### WHAT IS REQUIRED:
Locate every line in the material below that has the word "plus". Copy each of those lines.

INFORMATION SHOWN below:

(* Given integers $d\ge3$ and $2\le j\le d-1$, there exists an empty simplex $\mathcal{P}$ of dimension $d$ with $\mu_{\mathrm{va}}(\mathcal{P})=\mu_{\mathrm{midp}}(\mathcal{P})=\mu_{\mathrm{idp}}(\mathcal{P})=\mu_{\mathrm{Hilb}}(\mathcal{P})=\mu_{\mathrm{hole}}(\mathcal{P})=\mu_{\mathrm{Ehr}}(\mathcal{P})=j$.
   Context: An integral convex polytope is a convex polytope whose vertices lie in $\mathbb{Z}^N$; an empty simplex is an integral simplex whose only lattice points are its vertices; $k\mathcal{P}=\{k\alpha:\alpha\in\mathcal{P}\}$. A polytope $\mathcal{Q}$ has the integer decomposition property (IDP) if for every integer $k\ge 1$ and every $\alpha\in k\mathcal{Q}\cap\mathbb{Z}^N$ there are $\alpha_1,\dots,\alpha_k\in\mathcal{Q}\cap\mathbb{Z}^N$ with $\alpha=\alpha_1+\cdots+\alpha_k$; $\mathcal{Q}$ is very ample if this holds for all sufficiently large $k$. Let $\widetilde{\mathcal{P}}=\{(\alpha,1):\alpha\in\mathcal{P}\}$ and $\mathcal{C}(\mathcal{P})$ the cone generated by the vertices of $\widetilde{\mathcal{P}}$; the degree of $(\alpha,n)$ is $n$. $\mathcal{H}(\mathcal{C}(\mathcal{P}))$ is the minimal Hilbert basis of $\mathcal{C}(\mathcal{P})$. For an empty simplex $\mathcal{S}$ with vertices $v_i$, $\mathrm{Box}(\mathcal{S})=\{\sum_i r_i(v_i,1)\in\mathbb{Z}^{N+1}:0\le r_i<1\}$; $\mathrm{Box}(\mathcal{P})=\bigcup_{\mathcal{S}}\mathrm{Box}(\mathcal{S})\setminus\mathbb{Z}_{\ge0}(\widetilde{\mathcal{P}}\cap\mathbb{Z}^{N+1})$ over all empty $d$-dimensional simplices $\mathcal{S}\subset\mathcal{P}$, $d=\dim\mathcal{P}$. The $\delta$-vector $(\delta_0,\dots,\delta_d)$ is defined by $\sum_{n\ge0}|n\mathcal{P}\cap\mathbb{Z}^N|t^n=(\sum_i\delta_it^i)/(1-t)^{d+1}$. $\mu_{\mathrm{va}}$ = smallest $k>0$ with $k\mathcal{P}$ very ample; $\mu_{\mathrm{midp}}$ = smallest $k>0$ with $k\mathcal{P}$ having IDP; $\mu_{\mathrm{idp}}$ = smallest $k>0$ with $n\mathcal{P}$ having IDP for all $n\ge k$; $\mu_{\mathrm{Hilb}}$ = maximal degree in $\mathcal{H}(\mathcal{C}(\mathcal{P}))$; $\mu_{\mathrm{hole}}$ = maximal degree in $\mathrm{Box}(\mathcal{P})$ (equal to $1$ if it is empty); $\mu_{\mathrm{Ehr}}$ = largest $i>0$ with $\delta_i\ne0$. *)

theory Defs
  imports "HOL-Analysis.Analysis" "HOL-Computational_Algebra.Formal_Power_Series"
begin

definition lattice_pt :: "real^'n \<Rightarrow> bool" where
  "lattice_pt x \<longleftrightarrow> (\<forall>i. x $ i \<in> \<int>)"

definition lattice_pts :: "(real^'n) set \<Rightarrow> (real^'n) set" where
  "lattice_pts P = {x \<in> P. lattice_pt x}"

text \<open>Points of the lifted space R^N x R; the last coordinate is the degree.\<close>
definition lattice_pt2 :: "(real^'n) \<times> real \<Rightarrow> bool" where
  "lattice_pt2 z \<longleftrightarrow> lattice_pt (fst z) \<and> snd z \<in> \<int>"

definition deg :: "(real^'n) \<times> real \<Rightarrow> nat" where
  "deg z = nat \<lfloor>snd z\<rfloor>"

definition vertices :: "(real^'n) set \<Rightarrow> (real^'n) set" where
  "vertices P = {v. v extreme_point_of P}"

definition integral_polytope :: "(real^'n) set \<Rightarrow> bool" where
  "integral_polytope P \<longleftrightarrow> polytope P \<and> P \<noteq> {} \<and> (\<forall>v \<in> vertices P. lattice_pt v)"

definition empty_simplex :: "int \<Rightarrow> (real^'n) set \<Rightarrow> bool" where
  "empty_simplex d S \<longleftrightarrow> integral_polytope S \<and> d simplex S \<and> lattice_pts S = vertices S"

definition dil :: "nat \<Rightarrow> (real^'n) set \<Rightarrow> (real^'n) set" where
  "dil k P = (\<lambda>x. real k *\<^sub>R x) ` P"

fun ksum :: "nat \<Rightarrow> ('a::monoid_add) set \<Rightarrow> 'a set" where
  "ksum 0 A = {0}"
| "ksum (Suc k) A = {a + b | a b. a \<in> A \<and> b \<in> ksum k A}"

definition decomp_at :: "nat \<Rightarrow> (real^'n) set \<Rightarrow> bool" where
  "decomp_at k Q \<longleftrightarrow> (\<forall>\<alpha> \<in> lattice_pts (dil k Q). \<alpha> \<in> ksum k (lattice_pts Q))"

definition IDP :: "(real^'n) set \<Rightarrow> bool" where
  "IDP Q \<longleftrightarrow> (\<forall>k\<ge>1. decomp_at k Q)"

definition very_ample :: "(real^'n) set \<Rightarrow> bool" where
  "very_ample Q \<longleftrightarrow> (\<exists>k0. \<forall>k\<ge>k0. k \<ge> 1 \<longrightarrow> decomp_at k Q)"

definition mu_va :: "(real^'n) set \<Rightarrow> nat" where
  "mu_va P = (LEAST k. k > 0 \<and> very_ample (dil k P))"

definition mu_midp :: "(real^'n) set \<Rightarrow> nat" where
  "mu_midp P = (LEAST k. k > 0 \<and> IDP (dil k P))"

definition mu_idp :: "(real^'n) set \<Rightarrow> nat" where
  "mu_idp P = (LEAST k. k > 0 \<and> (\<forall>n\<ge>k. IDP (dil n P)))"

definition cone_of :: "(real^'n) set \<Rightarrow> ((real^'n) \<times> real) set" where
  "cone_of P = {\<Sum>v\<in>F. c v *\<^sub>R (v, 1) | F c. finite F \<and> F \<subseteq> vertices P \<and> (\<forall>v\<in>F. c v \<ge> 0)}"

definition cone_lattice :: "(real^'n) set \<Rightarrow> ((real^'n) \<times> real) set" where
  "cone_lattice P = {z \<in> cone_of P. lattice_pt2 z}"

definition hilb :: "(real^'n) set \<Rightarrow> ((real^'n) \<times> real) set" where
  "hilb P = {z \<in> cone_lattice P. z \<noteq> 0 \<and>
     \<not> (\<exists>x y. x \<in> cone_lattice P \<and> y \<in> cone_lattice P \<and> x \<noteq> 0 \<and> y \<noteq> 0 \<and> z = x + y)}"

definition mu_Hilb :: "(real^'n) set \<Rightarrow> nat" where
  "mu_Hilb P = Max (deg ` hilb P)"

definition box_simplex :: "(real^'n) set \<Rightarrow> ((real^'n) \<times> real) set" where
  "box_simplex S = {z. lattice_pt2 z \<and> (\<exists>r. (\<forall>v\<in>vertices S. 0 \<le> r v \<and> r v < 1) \<and>
       z = (\<Sum>v\<in>vertices S. r v *\<^sub>R (v, 1)))}"

definition nat_span :: "((real^'n) \<times> real) set \<Rightarrow> ((real^'n) \<times> real) set" where
  "nat_span A = {\<Sum>a\<in>F. real (c a) *\<^sub>R a | F c. finite F \<and> F \<subseteq> A}"

definition box_polytope :: "(real^'n) set \<Rightarrow> ((real^'n) \<times> real) set" where
  "box_polytope P = (\<Union> {box_simplex S | S. S \<subseteq> P \<and> empty_simplex (aff_dim P) S})
      - nat_span ((\<lambda>x. (x, 1)) ` lattice_pts P)"

definition mu_hole :: "(real^'n) set \<Rightarrow> nat" where
  "mu_hole P = (if box_polytope P = {} then 1 else Max (deg ` box_polytope P))"

definition ehrhart_series :: "(real^'n) set \<Rightarrow> int fps" where
  "ehrhart_series P = Abs_fps (\<lambda>n. int (card (lattice_pts (dil n P))))"

definition delta :: "(real^'n) set \<Rightarrow> nat \<Rightarrow> int" where
  "delta P i = fps_nth (ehrhart_series P * (1 - fps_X) ^ (nat (aff_dim P) + 1)) i"

definition mu_Ehr :: "(real^'n) set \<Rightarrow> nat" where
  "mu_Ehr P = (GREATEST i. i > 0 \<and> delta P i \<noteq> 0)"

end

theory Submission
  imports Defs "HOL-Library.Function_Algebras"
begin

(* The simplex P is spanned by 0, the unit vectors e_i for i \<noteq> a, and w = j e_a - (sum of e_i over
   i \<in> J), where a \<notin> J and |J| = j.  In barycentric coordinates \<mu>, the point \<Sum>_p \<mu>_p (v_p, 1) of the
   cone over P is a lattice point iff \<mu> \<in> \<int>^(d+1) + \<int> g/j, where g is -1 at the vertex 0, 1 at w and
   at the e_i with i \<in> J, and 0 elsewhere.  Hence the box points are the fractional parts \<beta>_t of
   t g/j for 0 \<le> t < j, of degree t + 1 when t > 0, and every lattice point of the cone is uniquely
   \<beta>_t plus a nonnegative integer vector.  Everything is read off this decomposition: the
   \<delta>-vector is 1 + z^2 + ... + z^j; \<beta>_(j-1) is an irreducible box point of degree j, and larger
   lattice points are reducible; kP has IDP once k \<ge> j, while for k < j the point \<beta>_(j-1) plus
   Kk - j times the unit vector at w lies in (Kk)P but is no sum of lattice points of kP, as its
   coordinate at the vertex 0 is 1/j whereas that of such a sum is an integer or at least 2/j. *)

lemma sum_UNIV_option:
  "sum f (UNIV :: 'a::finite option set) = f None + (\<Sum>i\<in>UNIV. f (Some i))"
  by (simp add: UNIV_option_conv sum.reindex)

End of INFORMATION SHOWN.

### RESULT OF THIS TASK:
   \<beta>_t plus a nonnegative integer vector.  Everything is read off this decomposition: the
   lattice points are reducible; kP has IDP once k \<ge> j, while for k < j the point \<beta>_(j-1) plus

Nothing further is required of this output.